• _Exercise instructions_
Retype every record below exactly as it appears.

======== Data to use

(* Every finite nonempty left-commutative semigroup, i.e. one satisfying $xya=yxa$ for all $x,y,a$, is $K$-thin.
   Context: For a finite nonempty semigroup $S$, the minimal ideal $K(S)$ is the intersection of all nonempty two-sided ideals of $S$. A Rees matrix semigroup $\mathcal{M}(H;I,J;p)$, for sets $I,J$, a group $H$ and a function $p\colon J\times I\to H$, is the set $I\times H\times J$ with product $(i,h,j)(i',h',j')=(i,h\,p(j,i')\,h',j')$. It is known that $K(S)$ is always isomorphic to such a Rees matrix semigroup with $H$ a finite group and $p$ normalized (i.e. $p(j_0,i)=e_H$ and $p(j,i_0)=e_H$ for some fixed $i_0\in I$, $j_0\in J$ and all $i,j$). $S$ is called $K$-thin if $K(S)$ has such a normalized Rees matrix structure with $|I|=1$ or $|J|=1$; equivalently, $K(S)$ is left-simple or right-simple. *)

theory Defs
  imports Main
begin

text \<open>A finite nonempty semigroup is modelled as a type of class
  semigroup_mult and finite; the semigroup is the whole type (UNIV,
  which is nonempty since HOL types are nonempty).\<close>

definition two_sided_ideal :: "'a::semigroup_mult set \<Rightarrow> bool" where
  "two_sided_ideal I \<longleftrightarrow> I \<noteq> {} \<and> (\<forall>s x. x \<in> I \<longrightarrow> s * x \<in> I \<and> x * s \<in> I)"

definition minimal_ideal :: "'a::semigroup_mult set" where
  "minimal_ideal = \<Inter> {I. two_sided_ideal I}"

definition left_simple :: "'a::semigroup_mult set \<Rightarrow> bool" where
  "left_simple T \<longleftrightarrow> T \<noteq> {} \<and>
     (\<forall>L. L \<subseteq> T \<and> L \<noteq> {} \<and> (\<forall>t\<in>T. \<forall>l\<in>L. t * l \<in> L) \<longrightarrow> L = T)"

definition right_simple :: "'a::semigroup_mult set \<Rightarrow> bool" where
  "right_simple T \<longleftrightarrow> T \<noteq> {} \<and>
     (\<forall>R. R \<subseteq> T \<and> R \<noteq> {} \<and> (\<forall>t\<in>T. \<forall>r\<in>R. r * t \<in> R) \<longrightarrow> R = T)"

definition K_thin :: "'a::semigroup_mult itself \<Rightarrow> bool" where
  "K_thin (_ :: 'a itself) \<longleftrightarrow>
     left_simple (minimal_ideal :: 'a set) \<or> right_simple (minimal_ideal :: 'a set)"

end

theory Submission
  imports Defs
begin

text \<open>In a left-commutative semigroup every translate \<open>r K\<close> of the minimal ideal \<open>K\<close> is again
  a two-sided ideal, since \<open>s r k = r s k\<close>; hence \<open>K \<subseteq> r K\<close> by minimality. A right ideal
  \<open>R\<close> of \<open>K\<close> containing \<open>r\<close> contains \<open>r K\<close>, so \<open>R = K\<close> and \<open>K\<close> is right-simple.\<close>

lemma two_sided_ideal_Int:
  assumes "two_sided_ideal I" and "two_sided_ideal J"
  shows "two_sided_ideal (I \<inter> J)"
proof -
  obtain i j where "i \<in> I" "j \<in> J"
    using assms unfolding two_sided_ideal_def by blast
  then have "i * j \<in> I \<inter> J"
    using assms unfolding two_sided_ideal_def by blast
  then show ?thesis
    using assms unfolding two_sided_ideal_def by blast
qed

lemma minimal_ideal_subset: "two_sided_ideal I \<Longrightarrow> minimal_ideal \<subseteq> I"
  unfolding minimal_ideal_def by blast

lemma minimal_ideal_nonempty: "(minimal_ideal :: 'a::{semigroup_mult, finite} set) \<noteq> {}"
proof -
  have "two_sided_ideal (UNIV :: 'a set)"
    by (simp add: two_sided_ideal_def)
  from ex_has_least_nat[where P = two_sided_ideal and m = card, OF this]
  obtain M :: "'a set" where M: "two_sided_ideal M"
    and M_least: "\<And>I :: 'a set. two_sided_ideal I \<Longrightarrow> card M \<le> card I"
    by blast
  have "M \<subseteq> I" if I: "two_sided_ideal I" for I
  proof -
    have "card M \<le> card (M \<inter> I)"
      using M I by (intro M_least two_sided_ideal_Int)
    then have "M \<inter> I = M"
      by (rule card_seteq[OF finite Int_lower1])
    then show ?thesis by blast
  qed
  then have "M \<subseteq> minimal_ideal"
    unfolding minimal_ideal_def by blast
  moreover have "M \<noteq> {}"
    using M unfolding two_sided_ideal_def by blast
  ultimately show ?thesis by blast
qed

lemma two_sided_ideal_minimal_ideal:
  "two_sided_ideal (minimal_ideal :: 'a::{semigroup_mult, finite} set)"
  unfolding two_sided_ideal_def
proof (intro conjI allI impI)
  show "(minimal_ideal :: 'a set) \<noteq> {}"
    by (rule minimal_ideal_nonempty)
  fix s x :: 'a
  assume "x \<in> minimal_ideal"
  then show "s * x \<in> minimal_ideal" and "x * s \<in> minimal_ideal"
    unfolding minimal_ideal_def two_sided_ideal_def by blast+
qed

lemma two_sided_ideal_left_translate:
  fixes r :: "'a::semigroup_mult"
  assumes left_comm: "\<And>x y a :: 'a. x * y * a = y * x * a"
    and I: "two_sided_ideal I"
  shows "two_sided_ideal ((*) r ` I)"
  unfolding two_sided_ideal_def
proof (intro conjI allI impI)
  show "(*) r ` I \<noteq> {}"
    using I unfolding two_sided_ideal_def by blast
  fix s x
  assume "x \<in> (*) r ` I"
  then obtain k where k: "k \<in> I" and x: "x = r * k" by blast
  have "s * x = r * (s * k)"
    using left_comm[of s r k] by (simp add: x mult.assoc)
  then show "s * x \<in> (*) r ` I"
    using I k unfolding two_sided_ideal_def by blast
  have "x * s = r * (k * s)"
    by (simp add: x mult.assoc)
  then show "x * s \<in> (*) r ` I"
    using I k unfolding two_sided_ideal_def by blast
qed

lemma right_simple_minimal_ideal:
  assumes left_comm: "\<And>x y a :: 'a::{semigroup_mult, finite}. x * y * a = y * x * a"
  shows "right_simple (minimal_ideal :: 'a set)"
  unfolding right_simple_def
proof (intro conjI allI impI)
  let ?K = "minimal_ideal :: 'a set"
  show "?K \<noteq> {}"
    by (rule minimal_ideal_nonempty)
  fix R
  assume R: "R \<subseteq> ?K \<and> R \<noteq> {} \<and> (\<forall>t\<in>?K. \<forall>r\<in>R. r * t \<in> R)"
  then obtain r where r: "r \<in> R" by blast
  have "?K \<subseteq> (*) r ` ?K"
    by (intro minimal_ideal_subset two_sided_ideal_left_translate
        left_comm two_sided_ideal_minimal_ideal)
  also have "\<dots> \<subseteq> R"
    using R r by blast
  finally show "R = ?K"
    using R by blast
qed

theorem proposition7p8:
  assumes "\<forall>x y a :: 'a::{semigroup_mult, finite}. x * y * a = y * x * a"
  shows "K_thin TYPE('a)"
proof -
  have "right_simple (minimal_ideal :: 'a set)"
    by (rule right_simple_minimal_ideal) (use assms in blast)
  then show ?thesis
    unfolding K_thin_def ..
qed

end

================

• _Answer space_
(* Every finite nonempty left-commutative semigroup, i.e. one satisfying $xya=yxa$ for all $x,y,a$, is $K$-thin.
   Context: For a finite nonempty semigroup $S$, the minimal ideal $K(S)$ is the intersection of all nonempty two-sided ideals of $S$. A Rees matrix semigroup $\mathcal{M}(H;I,J;p)$, for sets $I,J$, a group $H$ and a function $p\colon J\times I\to H$, is the set $I\times H\times J$ with product $(i,h,j)(i',h',j')=(i,h\,p(j,i')\,h',j')$. It is known that $K(S)$ is always isomorphic to such a Rees matrix semigroup with $H$ a finite group and $p$ normalized (i.e. $p(j_0,i)=e_H$ and $p(j,i_0)=e_H$ for some fixed $i_0\in I$, $j_0\in J$ and all $i,j$). $S$ is called $K$-thin if $K(S)$ has such a normalized Rees matrix structure with $|I|=1$ or $|J|=1$; equivalently, $K(S)$ is left-simple or right-simple. *)

theory Defs
  imports Main
begin

text \<open>A finite nonempty semigroup is modelled as a type of class
  semigroup_mult and finite; the semigroup is the whole type (UNIV,
  which is nonempty since HOL types are nonempty).\<close>

definition two_sided_ideal :: "'a::semigroup_mult set \<Rightarrow> bool" where
  "two_sided_ideal I \<longleftrightarrow> I \<noteq> {} \<and> (\<forall>s x. x \<in> I \<longrightarrow> s * x \<in> I \<and> x * s \<in> I)"

definition minimal_ideal :: "'a::semigroup_mult set" where
  "minimal_ideal = \<Inter> {I. two_sided_ideal I}"

definition left_simple :: "'a::semigroup_mult set \<Rightarrow> bool" where
  "left_simple T \<longleftrightarrow> T \<noteq> {} \<and>
     (\<forall>L. L \<subseteq> T \<and> L \<noteq> {} \<and> (\<forall>t\<in>T. \<forall>l\<in>L. t * l \<in> L) \<longrightarrow> L = T)"

definition right_simple :: "'a::semigroup_mult set \<Rightarrow> bool" where
  "right_simple T \<longleftrightarrow> T \<noteq> {} \<and>
     (\<forall>R. R \<subseteq> T \<and> R \<noteq> {} \<and> (\<forall>t\<in>T. \<forall>r\<in>R. r * t \<in> R) \<longrightarrow> R = T)"

definition K_thin :: "'a::semigroup_mult itself \<Rightarrow> bool" where
  "K_thin (_ :: 'a itself) \<longleftrightarrow>
     left_simple (minimal_ideal :: 'a set) \<or> right_simple (minimal_ideal :: 'a set)"

end

theory Submission
  imports Defs
begin

text \<open>In a left-commutative semigroup every translate \<open>r K\<close> of the minimal ideal \<open>K\<close> is again
  a two-sided ideal, since \<open>s r k = r s k\<close>; hence \<open>K \<subseteq> r K\<close> by minimality. A right ideal
  \<open>R\<close> of \<open>K\<close> containing \<open>r\<close> contains \<open>r K\<close>, so \<open>R = K\<close> and \<open>K\<close> is right-simple.\<close>

lemma two_sided_ideal_Int:
  assumes "two_sided_ideal I" and "two_sided_ideal J"
  shows "two_sided_ideal (I \<inter> J)"
proof -
  obtain i j where "i \<in> I" "j \<in> J"
    using assms unfolding two_sided_ideal_def by blast
  then have "i * j \<in> I \<inter> J"
    using assms unfolding two_sided_ideal_def by blast
  then show ?thesis
    using assms unfolding two_sided_ideal_def by blast
qed

lemma minimal_ideal_subset: "two_sided_ideal I \<Longrightarrow> minimal_ideal \<subseteq> I"
  unfolding minimal_ideal_def by blast

lemma minimal_ideal_nonempty: "(minimal_ideal :: 'a::{semigroup_mult, finite} set) \<noteq> {}"
proof -
  have "two_sided_ideal (UNIV :: 'a set)"
    by (simp add: two_sided_ideal_def)
  from ex_has_least_nat[where P = two_sided_ideal and m = card, OF this]
  obtain M :: "'a set" where M: "two_sided_ideal M"
    and M_least: "\<And>I :: 'a set. two_sided_ideal I \<Longrightarrow> card M \<le> card I"
    by blast
  have "M \<subseteq> I" if I: "two_sided_ideal I" for I
  proof -
    have "card M \<le> card (M \<inter> I)"
      using M I by (intro M_least two_sided_ideal_Int)
    then have "M \<inter> I = M"
      by (rule card_seteq[OF finite Int_lower1])
    then show ?thesis by blast
  qed
  then have "M \<subseteq> minimal_ideal"
    unfolding minimal_ideal_def by blast
  moreover have "M \<noteq> {}"
    using M unfolding two_sided_ideal_def by blast
  ultimately show ?thesis by blast
qed

lemma two_sided_ideal_minimal_ideal:
  "two_sided_ideal (minimal_ideal :: 'a::{semigroup_mult, finite} set)"
  unfolding two_sided_ideal_def
proof (intro conjI allI impI)
  show "(minimal_ideal :: 'a set) \<noteq> {}"
    by (rule minimal_ideal_nonempty)
  fix s x :: 'a
  assume "x \<in> minimal_ideal"
  then show "s * x \<in> minimal_ideal" and "x * s \<in> minimal_ideal"
    unfolding minimal_ideal_def two_sided_ideal_def by blast+
qed

lemma two_sided_ideal_left_translate:
  fixes r :: "'a::semigroup_mult"
  assumes left_comm: "\<And>x y a :: 'a. x * y * a = y * x * a"
    and I: "two_sided_ideal I"
  shows "two_sided_ideal ((*) r ` I)"
  unfolding two_sided_ideal_def
proof (intro conjI allI impI)
  show "(*) r ` I \<noteq> {}"
    using I unfolding two_sided_ideal_def by blast
  fix s x
  assume "x \<in> (*) r ` I"
  then obtain k where k: "k \<in> I" and x: "x = r * k" by blast
  have "s * x = r * (s * k)"
    using left_comm[of s r k] by (simp add: x mult.assoc)
  then show "s * x \<in> (*) r ` I"
    using I k unfolding two_sided_ideal_def by blast
  have "x * s = r * (k * s)"
    by (simp add: x mult.assoc)
  then show "x * s \<in> (*) r ` I"
    using I k unfolding two_sided_ideal_def by blast
qed

lemma right_simple_minimal_ideal:
  assumes left_comm: "\<And>x y a :: 'a::{semigroup_mult, finite}. x * y * a = y * x * a"
  shows "right_simple (minimal_ideal :: 'a set)"
  unfolding right_simple_def
proof (intro conjI allI impI)
  let ?K = "minimal_ideal :: 'a set"
  show "?K \<noteq> {}"
    by (rule minimal_ideal_nonempty)
  fix R
  assume R: "R \<subseteq> ?K \<and> R \<noteq> {} \<and> (\<forall>t\<in>?K. \<forall>r\<in>R. r * t \<in> R)"
  then obtain r where r: "r \<in> R" by blast
  have "?K \<subseteq> (*) r ` ?K"
    by (intro minimal_ideal_subset two_sided_ideal_left_translate
        left_comm two_sided_ideal_minimal_ideal)
  also have "\<dots> \<subseteq> R"
    using R r by blast
  finally show "R = ?K"
    using R by blast
qed

theorem proposition7p8:
  assumes "\<forall>x y a :: 'a::{semigroup_mult, finite}. x * y * a = y * x * a"
  shows "K_thin TYPE('a)"
proof -
  have "right_simple (minimal_ideal :: 'a set)"
    by (rule right_simple_minimal_ideal) (use assms in blast)
  then show ?thesis
    unfolding K_thin_def ..
qed

end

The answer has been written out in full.